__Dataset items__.
theorem lemma6p3:
  fixes G :: "('b, 'm) monoid_scheme" and act :: "'b \<Rightarrow> 'x \<Rightarrow> 'x" and X :: "'x set"
    and l :: nat and \<phi> :: "('g::{finite,ab_group_add}) pt \<Rightarrow> 'b"
    and z d a :: "nat \<Rightarrow> nat" and \<H> :: "'b set set"
    and \<epsilon> q \<delta> :: real and E :: "('x \<times> 'x) set" and U :: "'x set"
    and c :: "nat \<Rightarrow> int" and b :: "nat \<Rightarrow> nat" and x :: 'x
  assumes "group G" and "countable (carrier G)" and "group_action G X act"
    and "chart G l \<phi> z d \<H>"
    and "\<epsilon> > 0" and "6 * \<epsilon> < q" and "q < 1 - \<epsilon>"
    and "normvec l a"
    and "equiv X E"
    and "rectangular G act X l \<phi> z d \<H> a \<epsilon> E"
    and "U \<in> X // E"
    and "normvec l c" and "normvec l b"
    and "roughly G act X l \<phi> z d \<H> \<delta> c b x U"
    and "rect_le l (\<lambda>i. real (a i)) (\<lambda>i. real (b i))"
    and "(rect l c (\<lambda>i. 2 ^ (22 * l) * real (b i)) :: 'g pt set) \<subseteq> domset l d"
    and "rect_le l (\<lambda>i. 2 * \<delta> * real (b i)) (\<lambda>i. \<epsilon> * real (a i))"
  shows "\<forall>i\<in>{1..l}.
     bdry G act X l \<phi> d \<H> E (\<lambda>j. q * real (a j)) i \<inter> U \<subseteq>
       phi_img act l \<phi> d
         (msum {(\<lambda>j. - int (b i) * unitv i j, 0)}
            (msum (rect l c ((\<lambda>j. real (b j))(i := 0))) (rect l 0 (\<lambda>j. 2 * q * real (a j))))) x
     \<union> phi_img act l \<phi> d
         (msum {(\<lambda>j. int (b i) * unitv i j, 0)}
            (msum (rect l c ((\<lambda>j. real (b j))(i := 0))) (rect l 0 (\<lambda>j. 2 * q * real (a j))))) x"
proof -
  define D where "D j = \<delta> * real (b j)" for j
  have dom2: "(rect l c (\<lambda>j. 2 * real (b j)) :: 'g pt set) \<subseteq> domset l d"
    and x: "x \<in> X" "stabilizer G act x \<in> \<H>" and \<delta>: "0 < \<delta>"
    and z_le: "rect_le l (\<lambda>j. 2 * real (z j)) (\<lambda>j. \<delta> * real (b j))"
    and inner: "phi_img act l \<phi> d (rect l c (\<lambda>j. real (b j) - D j)) x \<subseteq> U"
    and outer: "U \<subseteq> phi_img act l \<phi> d (rect l c (\<lambda>j. real (b j) + D j)) x"
    using assms(14) unfolding roughly_def XH_def D_def by (auto simp: algebra_simps)
  have bounds: "0 \<le> D j \<and> 2 * D j + real (z j) \<le> q * real (a j) - 1 \<and> q * real (a j) \<le> real (b j)"
    if "j \<in> {1..l}" for j
    using rough_scale_bounds[OF \<delta> assms(5-7), of "z j" "b j" "a j"] that \<delta> assms(4,15,17) z_le
    unfolding chart_def rect_le_def D_def by auto
  have "0 \<le> D j \<and> D j \<le> real (b j)" if "j \<in> {1..l}" for j
    using bounds[OF that] by auto
  then have inner_dom: "rect l c (\<lambda>j. real (b j) - D j) \<subseteq> (domset l d :: 'g pt set)"
    and face_dom: "rect l 0 (\<lambda>j. real (b j)) \<subseteq> (domset l d :: 'g pt set)"
    using rect_double_subset_domset[OF assms(12) dom2] by blast+
  have "2 * (q * real (a j)) \<le> \<bar>2 * q * real (a j)\<bar>" if "j \<in> {1..l}" for j
    using bounds[OF that] by linarith
  then show ?thesis
    using bounds
    by (intro ballI bdry_inter_rough_class_subset[OF assms(4,3,9,11) x inner outer inner_dom face_dom])
qed

end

__Problem details__. Go through the entries above and pull out each line with "epsilon" in it.

__Problem solution__.
    and \<epsilon> q \<delta> :: real and E :: "('x \<times> 'x) set" and U :: "'x set"
    and "\<epsilon> > 0" and "6 * \<epsilon> < q" and "q < 1 - \<epsilon>"
    and "rectangular G act X l \<phi> z d \<H> a \<epsilon> E"
    and "rect_le l (\<lambda>i. 2 * \<delta> * real (b i)) (\<lambda>i. \<epsilon> * real (a i))"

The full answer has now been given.